[Stored data entries]
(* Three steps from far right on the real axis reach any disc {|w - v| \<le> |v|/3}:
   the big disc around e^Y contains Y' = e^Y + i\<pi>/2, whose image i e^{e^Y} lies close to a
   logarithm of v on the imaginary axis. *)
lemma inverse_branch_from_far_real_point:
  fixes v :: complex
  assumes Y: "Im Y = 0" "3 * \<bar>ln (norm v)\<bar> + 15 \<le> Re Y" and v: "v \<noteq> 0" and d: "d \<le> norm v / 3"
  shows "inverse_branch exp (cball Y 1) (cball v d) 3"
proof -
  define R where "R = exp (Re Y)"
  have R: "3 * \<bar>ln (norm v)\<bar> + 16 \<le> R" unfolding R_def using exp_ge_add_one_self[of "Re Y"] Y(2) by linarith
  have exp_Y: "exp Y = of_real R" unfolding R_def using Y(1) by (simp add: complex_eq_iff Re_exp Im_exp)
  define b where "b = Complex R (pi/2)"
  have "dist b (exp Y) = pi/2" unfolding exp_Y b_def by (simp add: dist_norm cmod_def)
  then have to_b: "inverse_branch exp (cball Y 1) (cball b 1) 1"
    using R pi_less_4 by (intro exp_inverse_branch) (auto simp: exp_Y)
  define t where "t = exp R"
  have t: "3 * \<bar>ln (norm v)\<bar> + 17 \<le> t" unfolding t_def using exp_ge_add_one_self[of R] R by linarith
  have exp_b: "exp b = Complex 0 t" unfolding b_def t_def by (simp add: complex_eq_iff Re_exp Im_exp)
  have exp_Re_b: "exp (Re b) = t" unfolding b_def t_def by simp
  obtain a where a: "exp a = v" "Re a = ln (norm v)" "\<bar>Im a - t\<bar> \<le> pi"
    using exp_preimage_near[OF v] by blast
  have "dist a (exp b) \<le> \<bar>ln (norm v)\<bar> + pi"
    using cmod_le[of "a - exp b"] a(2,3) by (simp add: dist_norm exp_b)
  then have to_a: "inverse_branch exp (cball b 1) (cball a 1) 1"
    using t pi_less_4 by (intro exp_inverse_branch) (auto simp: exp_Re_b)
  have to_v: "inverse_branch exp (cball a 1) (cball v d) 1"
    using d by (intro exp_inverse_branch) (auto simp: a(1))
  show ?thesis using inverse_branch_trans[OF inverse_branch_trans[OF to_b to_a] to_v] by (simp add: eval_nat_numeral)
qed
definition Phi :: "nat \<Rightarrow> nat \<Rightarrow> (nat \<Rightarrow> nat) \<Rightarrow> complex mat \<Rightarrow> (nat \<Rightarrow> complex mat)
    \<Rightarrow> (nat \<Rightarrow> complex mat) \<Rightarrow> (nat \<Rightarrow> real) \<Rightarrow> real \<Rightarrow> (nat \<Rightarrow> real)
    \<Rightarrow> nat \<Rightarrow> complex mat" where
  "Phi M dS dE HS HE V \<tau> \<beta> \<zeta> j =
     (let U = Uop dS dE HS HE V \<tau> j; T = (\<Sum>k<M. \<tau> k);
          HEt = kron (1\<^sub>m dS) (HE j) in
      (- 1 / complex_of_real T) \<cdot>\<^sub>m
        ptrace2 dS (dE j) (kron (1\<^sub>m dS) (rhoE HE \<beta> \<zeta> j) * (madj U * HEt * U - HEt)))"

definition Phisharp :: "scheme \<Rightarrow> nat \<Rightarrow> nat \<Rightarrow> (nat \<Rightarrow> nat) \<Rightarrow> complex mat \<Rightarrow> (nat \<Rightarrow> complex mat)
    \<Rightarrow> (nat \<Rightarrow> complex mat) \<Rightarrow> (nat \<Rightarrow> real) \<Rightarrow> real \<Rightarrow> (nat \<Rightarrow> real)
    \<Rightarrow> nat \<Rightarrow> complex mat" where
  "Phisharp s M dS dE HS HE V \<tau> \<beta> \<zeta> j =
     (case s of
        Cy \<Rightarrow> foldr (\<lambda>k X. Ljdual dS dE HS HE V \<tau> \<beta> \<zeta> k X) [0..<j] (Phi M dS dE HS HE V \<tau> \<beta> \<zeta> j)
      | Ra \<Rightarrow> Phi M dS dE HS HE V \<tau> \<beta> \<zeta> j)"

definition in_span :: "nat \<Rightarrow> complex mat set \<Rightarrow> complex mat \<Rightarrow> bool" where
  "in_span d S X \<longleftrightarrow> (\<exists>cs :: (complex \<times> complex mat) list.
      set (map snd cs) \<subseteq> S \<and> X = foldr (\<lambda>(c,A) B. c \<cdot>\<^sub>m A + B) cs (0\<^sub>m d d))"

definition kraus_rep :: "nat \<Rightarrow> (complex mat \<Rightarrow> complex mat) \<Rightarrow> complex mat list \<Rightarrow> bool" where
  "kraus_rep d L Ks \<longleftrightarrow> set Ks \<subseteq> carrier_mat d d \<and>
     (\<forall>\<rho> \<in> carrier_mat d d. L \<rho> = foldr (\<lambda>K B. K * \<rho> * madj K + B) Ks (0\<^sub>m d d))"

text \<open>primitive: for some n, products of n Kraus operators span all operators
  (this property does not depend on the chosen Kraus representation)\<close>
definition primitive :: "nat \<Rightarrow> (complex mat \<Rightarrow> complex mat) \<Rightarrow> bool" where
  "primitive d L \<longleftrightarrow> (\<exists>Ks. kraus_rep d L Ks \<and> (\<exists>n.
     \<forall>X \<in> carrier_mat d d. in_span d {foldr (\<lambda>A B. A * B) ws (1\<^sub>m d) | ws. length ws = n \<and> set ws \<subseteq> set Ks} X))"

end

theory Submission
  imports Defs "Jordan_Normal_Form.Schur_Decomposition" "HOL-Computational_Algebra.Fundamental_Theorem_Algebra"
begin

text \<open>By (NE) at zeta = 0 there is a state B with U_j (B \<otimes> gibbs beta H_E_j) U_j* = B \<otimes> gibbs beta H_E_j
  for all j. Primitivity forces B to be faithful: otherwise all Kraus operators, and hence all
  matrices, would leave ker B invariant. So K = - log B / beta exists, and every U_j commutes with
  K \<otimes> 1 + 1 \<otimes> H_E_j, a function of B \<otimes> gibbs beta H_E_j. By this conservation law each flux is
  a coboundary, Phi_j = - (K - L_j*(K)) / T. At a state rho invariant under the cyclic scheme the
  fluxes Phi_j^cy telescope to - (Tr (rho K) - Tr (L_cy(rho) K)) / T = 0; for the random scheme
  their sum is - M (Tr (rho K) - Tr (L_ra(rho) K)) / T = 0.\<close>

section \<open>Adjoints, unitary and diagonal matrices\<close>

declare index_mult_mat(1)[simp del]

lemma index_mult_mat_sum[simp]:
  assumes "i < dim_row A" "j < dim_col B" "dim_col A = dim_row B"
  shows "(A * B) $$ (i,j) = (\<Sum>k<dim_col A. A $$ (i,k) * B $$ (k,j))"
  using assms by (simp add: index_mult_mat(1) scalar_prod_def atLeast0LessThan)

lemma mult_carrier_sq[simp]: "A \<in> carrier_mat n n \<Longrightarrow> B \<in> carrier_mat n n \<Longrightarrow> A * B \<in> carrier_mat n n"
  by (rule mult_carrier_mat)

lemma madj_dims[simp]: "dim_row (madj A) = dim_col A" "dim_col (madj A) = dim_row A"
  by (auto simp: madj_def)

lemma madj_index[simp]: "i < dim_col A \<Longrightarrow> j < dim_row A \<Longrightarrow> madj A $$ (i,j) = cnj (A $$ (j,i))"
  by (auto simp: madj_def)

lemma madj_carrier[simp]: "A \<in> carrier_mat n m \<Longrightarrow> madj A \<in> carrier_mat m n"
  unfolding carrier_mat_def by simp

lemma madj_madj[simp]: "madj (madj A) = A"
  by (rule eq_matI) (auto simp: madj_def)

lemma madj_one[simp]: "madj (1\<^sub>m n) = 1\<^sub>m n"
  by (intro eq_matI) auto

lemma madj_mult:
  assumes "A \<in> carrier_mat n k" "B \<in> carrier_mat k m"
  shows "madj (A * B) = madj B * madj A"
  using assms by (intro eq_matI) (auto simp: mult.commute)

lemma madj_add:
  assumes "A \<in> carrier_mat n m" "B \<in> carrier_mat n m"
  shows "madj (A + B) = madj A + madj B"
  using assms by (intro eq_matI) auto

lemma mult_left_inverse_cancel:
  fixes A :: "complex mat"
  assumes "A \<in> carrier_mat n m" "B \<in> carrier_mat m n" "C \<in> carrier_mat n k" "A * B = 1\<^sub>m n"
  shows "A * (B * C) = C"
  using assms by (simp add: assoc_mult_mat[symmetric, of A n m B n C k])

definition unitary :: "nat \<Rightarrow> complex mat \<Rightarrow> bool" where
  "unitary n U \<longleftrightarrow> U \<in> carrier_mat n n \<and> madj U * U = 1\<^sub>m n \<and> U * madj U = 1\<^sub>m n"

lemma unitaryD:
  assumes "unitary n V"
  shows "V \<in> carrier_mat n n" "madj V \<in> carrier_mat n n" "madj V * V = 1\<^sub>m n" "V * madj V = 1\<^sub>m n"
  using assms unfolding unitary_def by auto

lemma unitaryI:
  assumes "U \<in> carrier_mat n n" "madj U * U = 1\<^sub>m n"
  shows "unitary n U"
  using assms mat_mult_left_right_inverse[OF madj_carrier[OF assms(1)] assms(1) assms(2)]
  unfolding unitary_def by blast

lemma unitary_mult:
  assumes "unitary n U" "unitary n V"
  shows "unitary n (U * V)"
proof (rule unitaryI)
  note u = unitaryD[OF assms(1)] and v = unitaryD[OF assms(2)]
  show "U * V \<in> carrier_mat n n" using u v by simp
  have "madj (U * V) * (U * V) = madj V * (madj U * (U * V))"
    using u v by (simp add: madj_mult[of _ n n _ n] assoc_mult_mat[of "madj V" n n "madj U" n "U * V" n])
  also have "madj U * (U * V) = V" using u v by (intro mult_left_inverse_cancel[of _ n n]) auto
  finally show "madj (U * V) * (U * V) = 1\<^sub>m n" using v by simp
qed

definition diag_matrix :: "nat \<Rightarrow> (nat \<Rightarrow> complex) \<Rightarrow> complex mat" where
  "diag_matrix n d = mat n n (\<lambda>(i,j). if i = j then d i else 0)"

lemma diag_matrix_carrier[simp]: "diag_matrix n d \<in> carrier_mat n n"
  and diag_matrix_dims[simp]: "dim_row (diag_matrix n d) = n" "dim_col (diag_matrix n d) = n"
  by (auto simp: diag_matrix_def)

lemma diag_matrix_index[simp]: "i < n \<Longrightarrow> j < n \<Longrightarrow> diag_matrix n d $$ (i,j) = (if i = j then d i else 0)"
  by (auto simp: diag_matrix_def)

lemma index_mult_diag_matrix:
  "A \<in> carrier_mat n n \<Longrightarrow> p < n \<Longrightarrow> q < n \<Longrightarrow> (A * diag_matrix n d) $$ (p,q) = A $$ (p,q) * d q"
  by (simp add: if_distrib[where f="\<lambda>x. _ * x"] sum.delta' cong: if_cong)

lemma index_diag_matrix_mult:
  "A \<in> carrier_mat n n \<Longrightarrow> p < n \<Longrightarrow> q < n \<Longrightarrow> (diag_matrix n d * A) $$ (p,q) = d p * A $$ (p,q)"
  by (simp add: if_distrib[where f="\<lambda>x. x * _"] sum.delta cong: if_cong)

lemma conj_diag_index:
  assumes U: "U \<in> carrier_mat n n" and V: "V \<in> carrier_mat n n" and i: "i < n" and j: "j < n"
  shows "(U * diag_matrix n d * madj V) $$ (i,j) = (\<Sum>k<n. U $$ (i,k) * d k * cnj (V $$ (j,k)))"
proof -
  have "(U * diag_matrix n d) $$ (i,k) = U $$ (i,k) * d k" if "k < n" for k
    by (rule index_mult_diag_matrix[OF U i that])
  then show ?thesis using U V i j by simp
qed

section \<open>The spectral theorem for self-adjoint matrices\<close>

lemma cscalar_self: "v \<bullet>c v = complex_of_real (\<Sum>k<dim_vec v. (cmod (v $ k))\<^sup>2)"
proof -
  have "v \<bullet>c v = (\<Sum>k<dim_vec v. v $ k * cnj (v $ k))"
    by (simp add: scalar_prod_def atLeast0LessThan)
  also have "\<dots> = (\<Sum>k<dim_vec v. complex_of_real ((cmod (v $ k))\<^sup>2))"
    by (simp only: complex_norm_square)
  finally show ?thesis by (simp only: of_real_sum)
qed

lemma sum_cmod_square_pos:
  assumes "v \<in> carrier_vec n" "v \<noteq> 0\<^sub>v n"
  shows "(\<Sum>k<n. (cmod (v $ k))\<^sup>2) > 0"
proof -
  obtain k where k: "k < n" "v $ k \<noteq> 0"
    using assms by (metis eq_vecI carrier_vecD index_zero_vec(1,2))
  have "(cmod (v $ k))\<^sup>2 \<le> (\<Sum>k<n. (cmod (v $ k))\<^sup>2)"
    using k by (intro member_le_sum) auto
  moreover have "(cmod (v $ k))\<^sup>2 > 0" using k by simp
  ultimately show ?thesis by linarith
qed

---

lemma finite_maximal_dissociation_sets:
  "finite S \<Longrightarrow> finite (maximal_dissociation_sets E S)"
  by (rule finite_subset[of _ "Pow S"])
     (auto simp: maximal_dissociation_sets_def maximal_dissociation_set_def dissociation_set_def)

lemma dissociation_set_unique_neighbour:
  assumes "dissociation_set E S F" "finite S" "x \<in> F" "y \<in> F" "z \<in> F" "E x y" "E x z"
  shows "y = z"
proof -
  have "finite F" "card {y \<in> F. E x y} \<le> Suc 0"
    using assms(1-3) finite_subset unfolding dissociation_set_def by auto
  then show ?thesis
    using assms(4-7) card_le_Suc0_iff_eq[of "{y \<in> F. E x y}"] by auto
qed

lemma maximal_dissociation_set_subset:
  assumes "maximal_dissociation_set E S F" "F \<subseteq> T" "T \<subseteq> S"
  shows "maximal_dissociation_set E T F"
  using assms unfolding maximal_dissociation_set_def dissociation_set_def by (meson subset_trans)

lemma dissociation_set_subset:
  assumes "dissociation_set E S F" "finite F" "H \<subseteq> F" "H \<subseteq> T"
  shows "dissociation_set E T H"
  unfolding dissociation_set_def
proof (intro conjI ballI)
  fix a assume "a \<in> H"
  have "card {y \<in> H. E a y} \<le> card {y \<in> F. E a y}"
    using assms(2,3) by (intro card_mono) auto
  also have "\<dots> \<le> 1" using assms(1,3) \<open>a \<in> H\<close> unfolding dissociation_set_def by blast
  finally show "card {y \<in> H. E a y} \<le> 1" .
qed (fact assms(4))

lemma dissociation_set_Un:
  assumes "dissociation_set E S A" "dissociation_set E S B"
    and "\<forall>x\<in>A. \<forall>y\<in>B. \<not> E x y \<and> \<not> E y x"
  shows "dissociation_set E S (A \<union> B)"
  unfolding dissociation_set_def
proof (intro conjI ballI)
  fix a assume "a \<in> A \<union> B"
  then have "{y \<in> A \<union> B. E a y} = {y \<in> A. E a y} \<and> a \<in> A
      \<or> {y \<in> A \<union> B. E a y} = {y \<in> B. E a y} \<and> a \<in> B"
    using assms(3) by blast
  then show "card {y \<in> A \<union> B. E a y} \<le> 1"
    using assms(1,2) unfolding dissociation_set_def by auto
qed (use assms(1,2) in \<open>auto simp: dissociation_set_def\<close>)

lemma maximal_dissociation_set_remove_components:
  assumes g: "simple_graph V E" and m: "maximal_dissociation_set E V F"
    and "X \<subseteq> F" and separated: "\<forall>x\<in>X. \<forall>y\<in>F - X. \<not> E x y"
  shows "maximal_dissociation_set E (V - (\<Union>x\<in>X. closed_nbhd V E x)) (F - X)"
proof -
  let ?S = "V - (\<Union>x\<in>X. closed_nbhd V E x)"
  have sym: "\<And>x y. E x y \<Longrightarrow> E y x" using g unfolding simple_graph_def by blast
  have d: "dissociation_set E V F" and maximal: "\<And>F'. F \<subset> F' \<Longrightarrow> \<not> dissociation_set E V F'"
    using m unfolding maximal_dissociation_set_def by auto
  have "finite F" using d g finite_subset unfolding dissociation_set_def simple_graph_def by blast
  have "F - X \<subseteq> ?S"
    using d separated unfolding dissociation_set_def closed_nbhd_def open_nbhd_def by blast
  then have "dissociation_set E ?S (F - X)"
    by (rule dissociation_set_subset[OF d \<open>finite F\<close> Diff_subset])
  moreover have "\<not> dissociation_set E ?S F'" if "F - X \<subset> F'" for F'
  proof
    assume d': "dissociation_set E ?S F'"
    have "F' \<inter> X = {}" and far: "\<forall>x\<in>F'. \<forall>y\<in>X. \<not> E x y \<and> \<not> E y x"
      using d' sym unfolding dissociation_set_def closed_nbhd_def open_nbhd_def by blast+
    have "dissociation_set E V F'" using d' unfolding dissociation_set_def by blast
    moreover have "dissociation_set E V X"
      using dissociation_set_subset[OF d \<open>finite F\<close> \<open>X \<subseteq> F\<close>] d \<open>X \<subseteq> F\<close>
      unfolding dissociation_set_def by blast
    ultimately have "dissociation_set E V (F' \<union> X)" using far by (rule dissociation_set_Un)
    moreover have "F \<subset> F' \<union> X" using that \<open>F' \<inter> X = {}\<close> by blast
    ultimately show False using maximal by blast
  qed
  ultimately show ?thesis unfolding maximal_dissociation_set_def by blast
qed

--

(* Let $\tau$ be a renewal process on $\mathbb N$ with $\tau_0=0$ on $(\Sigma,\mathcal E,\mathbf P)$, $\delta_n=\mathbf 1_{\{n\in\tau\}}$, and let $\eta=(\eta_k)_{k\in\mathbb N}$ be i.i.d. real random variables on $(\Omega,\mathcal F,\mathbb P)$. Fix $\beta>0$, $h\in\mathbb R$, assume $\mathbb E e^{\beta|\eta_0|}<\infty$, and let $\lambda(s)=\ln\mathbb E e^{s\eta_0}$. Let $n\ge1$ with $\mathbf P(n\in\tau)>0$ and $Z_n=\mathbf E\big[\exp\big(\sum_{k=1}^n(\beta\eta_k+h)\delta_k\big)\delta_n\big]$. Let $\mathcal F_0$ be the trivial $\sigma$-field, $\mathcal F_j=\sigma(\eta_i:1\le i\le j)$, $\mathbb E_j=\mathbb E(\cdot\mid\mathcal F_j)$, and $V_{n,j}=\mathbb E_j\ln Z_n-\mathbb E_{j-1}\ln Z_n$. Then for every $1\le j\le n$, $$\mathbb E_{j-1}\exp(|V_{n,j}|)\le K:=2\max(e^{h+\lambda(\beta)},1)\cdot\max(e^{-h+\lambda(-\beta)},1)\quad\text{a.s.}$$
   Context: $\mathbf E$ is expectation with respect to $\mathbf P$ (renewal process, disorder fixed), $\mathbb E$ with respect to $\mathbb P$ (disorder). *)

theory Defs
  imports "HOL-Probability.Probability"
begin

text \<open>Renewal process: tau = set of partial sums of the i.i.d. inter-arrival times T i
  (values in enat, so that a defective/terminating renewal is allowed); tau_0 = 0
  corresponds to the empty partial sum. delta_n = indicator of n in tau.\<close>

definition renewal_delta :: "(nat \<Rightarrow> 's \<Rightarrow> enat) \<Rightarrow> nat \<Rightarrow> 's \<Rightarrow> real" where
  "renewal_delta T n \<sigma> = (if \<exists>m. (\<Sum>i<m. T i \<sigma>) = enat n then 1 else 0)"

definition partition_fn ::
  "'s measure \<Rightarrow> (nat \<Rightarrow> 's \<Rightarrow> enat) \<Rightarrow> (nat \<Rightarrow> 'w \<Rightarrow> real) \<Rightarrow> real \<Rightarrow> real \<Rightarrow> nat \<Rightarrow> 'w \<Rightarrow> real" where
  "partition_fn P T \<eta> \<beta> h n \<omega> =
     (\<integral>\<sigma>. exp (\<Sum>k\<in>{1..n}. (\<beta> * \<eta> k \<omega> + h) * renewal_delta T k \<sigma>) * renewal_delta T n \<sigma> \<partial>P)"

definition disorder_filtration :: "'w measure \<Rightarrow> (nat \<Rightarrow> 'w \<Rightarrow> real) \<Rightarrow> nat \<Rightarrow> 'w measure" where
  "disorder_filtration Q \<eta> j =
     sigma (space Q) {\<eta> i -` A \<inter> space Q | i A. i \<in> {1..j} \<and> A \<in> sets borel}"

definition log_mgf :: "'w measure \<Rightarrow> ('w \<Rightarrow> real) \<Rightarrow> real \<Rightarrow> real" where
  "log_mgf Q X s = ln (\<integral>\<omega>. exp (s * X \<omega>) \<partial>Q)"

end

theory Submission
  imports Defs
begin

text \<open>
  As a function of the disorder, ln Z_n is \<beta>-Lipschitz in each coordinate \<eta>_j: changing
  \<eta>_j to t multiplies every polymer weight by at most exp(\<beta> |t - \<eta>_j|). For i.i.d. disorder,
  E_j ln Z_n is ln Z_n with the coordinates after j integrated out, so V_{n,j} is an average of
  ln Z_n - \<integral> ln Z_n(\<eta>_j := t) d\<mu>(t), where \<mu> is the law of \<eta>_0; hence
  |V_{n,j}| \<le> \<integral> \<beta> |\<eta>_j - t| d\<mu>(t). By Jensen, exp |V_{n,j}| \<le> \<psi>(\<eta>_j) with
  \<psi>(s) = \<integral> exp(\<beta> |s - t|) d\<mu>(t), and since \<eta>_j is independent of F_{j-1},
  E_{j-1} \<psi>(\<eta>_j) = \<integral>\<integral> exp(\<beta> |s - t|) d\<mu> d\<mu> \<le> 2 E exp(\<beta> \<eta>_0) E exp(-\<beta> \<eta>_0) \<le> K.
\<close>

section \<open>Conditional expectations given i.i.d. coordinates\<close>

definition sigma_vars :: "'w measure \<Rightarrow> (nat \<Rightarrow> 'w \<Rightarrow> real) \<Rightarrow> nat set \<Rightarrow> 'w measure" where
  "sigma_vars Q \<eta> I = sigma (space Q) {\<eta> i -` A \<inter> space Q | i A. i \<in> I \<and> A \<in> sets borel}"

** Work to complete **
Only the lines above from the line with "S (A \<union>" to the line with "- X. \<not> E", those two lines included, should be reproduced exactly.

** Answer to the problem **
  shows "dissociation_set E S (A \<union> B)"
  unfolding dissociation_set_def
proof (intro conjI ballI)
  fix a assume "a \<in> A \<union> B"
  then have "{y \<in> A \<union> B. E a y} = {y \<in> A. E a y} \<and> a \<in> A
      \<or> {y \<in> A \<union> B. E a y} = {y \<in> B. E a y} \<and> a \<in> B"
    using assms(3) by blast
  then show "card {y \<in> A \<union> B. E a y} \<le> 1"
    using assms(1,2) unfolding dissociation_set_def by auto
qed (use assms(1,2) in \<open>auto simp: dissociation_set_def\<close>)

lemma maximal_dissociation_set_remove_components:
  assumes g: "simple_graph V E" and m: "maximal_dissociation_set E V F"
    and "X \<subseteq> F" and separated: "\<forall>x\<in>X. \<forall>y\<in>F - X. \<not> E x y"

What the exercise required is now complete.